YOUR ASSIGNMENT: Starting at the line with "(\<forall>v\<in>carrier_vec d. Im" and going on through the line with "mat d d (\<lambda>(i, j). if i = j then complex_of_real", reproduce each line in the records below exactly and nothing more.

Items listed in a dataset
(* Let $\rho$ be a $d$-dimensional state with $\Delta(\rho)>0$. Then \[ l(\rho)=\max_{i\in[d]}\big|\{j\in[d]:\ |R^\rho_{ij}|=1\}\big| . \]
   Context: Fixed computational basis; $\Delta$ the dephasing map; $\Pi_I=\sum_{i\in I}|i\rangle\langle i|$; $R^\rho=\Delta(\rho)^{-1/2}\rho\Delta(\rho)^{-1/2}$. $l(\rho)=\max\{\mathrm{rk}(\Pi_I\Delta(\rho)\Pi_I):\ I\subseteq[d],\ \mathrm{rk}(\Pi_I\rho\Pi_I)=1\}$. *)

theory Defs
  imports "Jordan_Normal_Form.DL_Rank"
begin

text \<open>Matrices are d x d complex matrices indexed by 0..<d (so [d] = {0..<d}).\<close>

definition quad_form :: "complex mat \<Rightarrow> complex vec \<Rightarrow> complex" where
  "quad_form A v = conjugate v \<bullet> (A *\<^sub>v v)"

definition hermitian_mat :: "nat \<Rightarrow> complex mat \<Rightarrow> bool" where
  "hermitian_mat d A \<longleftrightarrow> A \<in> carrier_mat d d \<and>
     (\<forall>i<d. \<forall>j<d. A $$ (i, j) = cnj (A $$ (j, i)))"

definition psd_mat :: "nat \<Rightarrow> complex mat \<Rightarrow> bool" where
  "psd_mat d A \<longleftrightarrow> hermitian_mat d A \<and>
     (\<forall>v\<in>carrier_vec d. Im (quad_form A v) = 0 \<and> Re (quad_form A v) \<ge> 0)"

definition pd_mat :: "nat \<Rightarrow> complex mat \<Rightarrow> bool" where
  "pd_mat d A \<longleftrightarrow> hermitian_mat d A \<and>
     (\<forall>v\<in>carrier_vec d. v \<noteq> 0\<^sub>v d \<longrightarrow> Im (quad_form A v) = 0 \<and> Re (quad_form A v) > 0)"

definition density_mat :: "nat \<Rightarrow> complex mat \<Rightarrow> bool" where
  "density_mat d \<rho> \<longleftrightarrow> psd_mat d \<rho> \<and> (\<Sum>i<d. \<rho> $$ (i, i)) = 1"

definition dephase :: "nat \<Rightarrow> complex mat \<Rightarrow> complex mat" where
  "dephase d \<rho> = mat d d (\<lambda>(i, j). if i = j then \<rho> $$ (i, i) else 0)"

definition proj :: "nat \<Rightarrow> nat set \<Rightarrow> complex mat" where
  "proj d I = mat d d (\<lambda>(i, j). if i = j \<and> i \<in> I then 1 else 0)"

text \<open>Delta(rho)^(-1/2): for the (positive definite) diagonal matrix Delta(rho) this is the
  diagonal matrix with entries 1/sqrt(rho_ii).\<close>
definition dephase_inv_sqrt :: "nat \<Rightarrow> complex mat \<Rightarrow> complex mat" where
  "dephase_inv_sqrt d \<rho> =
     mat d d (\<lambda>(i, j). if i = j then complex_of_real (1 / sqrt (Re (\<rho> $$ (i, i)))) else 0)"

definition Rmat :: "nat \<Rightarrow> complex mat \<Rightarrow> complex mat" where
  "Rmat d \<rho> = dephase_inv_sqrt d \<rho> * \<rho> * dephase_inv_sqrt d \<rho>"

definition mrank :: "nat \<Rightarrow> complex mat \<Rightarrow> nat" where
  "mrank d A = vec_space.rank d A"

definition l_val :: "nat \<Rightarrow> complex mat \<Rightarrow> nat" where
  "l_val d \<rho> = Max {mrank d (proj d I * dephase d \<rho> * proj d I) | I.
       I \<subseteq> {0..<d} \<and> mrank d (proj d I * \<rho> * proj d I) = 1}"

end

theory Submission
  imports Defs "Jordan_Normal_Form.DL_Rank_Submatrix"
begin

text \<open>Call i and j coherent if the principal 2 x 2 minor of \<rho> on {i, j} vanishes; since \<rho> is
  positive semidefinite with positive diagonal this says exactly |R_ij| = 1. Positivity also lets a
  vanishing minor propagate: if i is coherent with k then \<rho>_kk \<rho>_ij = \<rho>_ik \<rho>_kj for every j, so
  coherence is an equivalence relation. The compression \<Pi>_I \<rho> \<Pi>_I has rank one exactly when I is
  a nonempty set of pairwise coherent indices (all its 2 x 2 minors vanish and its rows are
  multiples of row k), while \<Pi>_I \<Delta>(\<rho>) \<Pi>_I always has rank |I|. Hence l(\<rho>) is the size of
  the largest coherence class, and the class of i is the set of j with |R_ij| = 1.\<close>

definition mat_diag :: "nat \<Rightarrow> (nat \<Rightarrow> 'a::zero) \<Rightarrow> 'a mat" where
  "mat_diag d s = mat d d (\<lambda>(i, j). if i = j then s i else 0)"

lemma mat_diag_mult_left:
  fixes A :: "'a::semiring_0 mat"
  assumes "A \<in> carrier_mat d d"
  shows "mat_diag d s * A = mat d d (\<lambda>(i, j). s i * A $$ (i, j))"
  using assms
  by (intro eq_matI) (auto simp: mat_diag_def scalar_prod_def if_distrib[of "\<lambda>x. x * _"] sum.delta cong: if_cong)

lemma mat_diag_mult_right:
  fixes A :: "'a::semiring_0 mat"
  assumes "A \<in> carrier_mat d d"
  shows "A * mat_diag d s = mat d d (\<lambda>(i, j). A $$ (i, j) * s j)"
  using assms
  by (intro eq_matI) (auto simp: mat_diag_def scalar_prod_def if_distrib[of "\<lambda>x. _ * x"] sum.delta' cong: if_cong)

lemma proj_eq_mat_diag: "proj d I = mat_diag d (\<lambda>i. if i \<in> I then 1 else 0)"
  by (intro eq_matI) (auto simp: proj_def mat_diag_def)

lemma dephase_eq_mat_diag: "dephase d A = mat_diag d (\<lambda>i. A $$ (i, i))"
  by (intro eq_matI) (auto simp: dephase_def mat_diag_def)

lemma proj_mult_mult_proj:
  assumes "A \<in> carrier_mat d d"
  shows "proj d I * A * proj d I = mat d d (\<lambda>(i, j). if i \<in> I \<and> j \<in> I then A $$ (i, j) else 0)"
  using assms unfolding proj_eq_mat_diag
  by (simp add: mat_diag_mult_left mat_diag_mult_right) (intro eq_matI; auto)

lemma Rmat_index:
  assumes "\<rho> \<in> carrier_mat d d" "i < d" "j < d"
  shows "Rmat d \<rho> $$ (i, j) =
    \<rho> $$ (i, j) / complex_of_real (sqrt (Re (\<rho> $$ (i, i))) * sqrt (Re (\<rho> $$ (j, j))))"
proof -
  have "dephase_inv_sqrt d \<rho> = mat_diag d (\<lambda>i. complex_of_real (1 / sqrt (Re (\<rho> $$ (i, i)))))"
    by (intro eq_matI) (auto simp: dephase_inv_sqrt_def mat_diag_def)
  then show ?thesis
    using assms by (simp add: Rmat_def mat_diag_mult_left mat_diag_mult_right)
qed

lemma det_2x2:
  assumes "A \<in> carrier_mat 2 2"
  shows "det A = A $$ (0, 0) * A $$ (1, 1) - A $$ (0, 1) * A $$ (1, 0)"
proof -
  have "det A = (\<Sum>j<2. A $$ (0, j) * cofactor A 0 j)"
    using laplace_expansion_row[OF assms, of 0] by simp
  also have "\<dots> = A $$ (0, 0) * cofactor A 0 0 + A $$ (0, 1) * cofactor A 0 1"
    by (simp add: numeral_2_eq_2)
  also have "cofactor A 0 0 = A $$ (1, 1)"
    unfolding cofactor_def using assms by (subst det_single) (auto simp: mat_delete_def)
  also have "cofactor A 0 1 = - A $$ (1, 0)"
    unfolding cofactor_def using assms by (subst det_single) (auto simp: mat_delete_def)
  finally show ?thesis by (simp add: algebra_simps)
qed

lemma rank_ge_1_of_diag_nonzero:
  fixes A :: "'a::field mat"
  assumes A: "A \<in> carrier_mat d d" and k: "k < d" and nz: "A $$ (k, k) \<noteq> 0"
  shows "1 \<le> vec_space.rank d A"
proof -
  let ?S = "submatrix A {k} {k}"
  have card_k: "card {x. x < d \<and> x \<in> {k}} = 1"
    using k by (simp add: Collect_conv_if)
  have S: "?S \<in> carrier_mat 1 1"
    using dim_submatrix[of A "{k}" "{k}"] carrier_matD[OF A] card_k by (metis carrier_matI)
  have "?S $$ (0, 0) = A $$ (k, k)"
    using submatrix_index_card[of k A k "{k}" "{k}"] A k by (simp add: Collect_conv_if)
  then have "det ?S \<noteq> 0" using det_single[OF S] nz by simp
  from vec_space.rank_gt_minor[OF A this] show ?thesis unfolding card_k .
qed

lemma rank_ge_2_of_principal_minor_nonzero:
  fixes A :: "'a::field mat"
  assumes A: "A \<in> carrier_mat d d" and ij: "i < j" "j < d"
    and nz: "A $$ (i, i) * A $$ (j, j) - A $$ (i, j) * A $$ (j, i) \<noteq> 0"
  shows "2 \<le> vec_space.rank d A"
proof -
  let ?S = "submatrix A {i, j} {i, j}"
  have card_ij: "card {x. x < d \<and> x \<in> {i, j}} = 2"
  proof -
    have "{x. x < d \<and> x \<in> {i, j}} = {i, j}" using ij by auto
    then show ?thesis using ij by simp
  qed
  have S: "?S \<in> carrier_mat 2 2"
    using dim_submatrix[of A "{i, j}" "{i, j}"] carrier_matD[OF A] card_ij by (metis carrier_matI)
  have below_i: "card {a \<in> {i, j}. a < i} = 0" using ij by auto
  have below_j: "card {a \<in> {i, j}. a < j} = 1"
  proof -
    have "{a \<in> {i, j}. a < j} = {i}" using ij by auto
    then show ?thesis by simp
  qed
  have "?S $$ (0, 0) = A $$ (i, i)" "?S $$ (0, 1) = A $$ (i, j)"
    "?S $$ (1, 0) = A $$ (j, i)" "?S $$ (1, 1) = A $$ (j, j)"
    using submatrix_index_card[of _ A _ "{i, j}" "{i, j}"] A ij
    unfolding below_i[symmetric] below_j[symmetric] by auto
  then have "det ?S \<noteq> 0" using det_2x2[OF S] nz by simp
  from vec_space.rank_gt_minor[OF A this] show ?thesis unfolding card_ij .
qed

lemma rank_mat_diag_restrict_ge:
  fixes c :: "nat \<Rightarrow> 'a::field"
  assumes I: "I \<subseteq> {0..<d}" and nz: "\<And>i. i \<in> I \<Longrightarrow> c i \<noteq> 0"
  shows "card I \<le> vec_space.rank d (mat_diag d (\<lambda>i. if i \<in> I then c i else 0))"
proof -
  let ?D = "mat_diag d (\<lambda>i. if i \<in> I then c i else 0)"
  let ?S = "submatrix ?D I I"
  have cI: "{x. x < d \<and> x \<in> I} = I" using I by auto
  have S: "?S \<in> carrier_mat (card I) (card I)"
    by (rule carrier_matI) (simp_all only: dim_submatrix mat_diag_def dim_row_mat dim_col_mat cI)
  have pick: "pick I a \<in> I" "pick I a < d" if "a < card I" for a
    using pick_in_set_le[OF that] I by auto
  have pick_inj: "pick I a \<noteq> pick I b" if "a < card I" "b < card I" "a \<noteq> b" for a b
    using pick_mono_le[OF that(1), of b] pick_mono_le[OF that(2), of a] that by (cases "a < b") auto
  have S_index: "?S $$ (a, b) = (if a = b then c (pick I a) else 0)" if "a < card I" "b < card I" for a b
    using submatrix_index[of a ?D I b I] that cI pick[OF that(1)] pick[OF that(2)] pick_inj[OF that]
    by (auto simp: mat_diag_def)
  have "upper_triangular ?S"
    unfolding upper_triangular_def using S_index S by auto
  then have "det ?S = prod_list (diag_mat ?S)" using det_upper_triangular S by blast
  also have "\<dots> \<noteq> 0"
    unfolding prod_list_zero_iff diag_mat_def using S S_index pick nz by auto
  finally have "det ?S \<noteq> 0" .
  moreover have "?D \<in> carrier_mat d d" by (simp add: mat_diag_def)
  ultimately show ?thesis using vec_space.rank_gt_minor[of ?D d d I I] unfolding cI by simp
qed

TASK SOLUTION:
     (\<forall>v\<in>carrier_vec d. Im (quad_form A v) = 0 \<and> Re (quad_form A v) \<ge> 0)"

definition pd_mat :: "nat \<Rightarrow> complex mat \<Rightarrow> bool" where
  "pd_mat d A \<longleftrightarrow> hermitian_mat d A \<and>
     (\<forall>v\<in>carrier_vec d. v \<noteq> 0\<^sub>v d \<longrightarrow> Im (quad_form A v) = 0 \<and> Re (quad_form A v) > 0)"

definition density_mat :: "nat \<Rightarrow> complex mat \<Rightarrow> bool" where
  "density_mat d \<rho> \<longleftrightarrow> psd_mat d \<rho> \<and> (\<Sum>i<d. \<rho> $$ (i, i)) = 1"

definition dephase :: "nat \<Rightarrow> complex mat \<Rightarrow> complex mat" where
  "dephase d \<rho> = mat d d (\<lambda>(i, j). if i = j then \<rho> $$ (i, i) else 0)"

definition proj :: "nat \<Rightarrow> nat set \<Rightarrow> complex mat" where
  "proj d I = mat d d (\<lambda>(i, j). if i = j \<and> i \<in> I then 1 else 0)"

text \<open>Delta(rho)^(-1/2): for the (positive definite) diagonal matrix Delta(rho) this is the
  diagonal matrix with entries 1/sqrt(rho_ii).\<close>
definition dephase_inv_sqrt :: "nat \<Rightarrow> complex mat \<Rightarrow> complex mat" where
  "dephase_inv_sqrt d \<rho> =
     mat d d (\<lambda>(i, j). if i = j then complex_of_real (1 / sqrt (Re (\<rho> $$ (i, i)))) else 0)"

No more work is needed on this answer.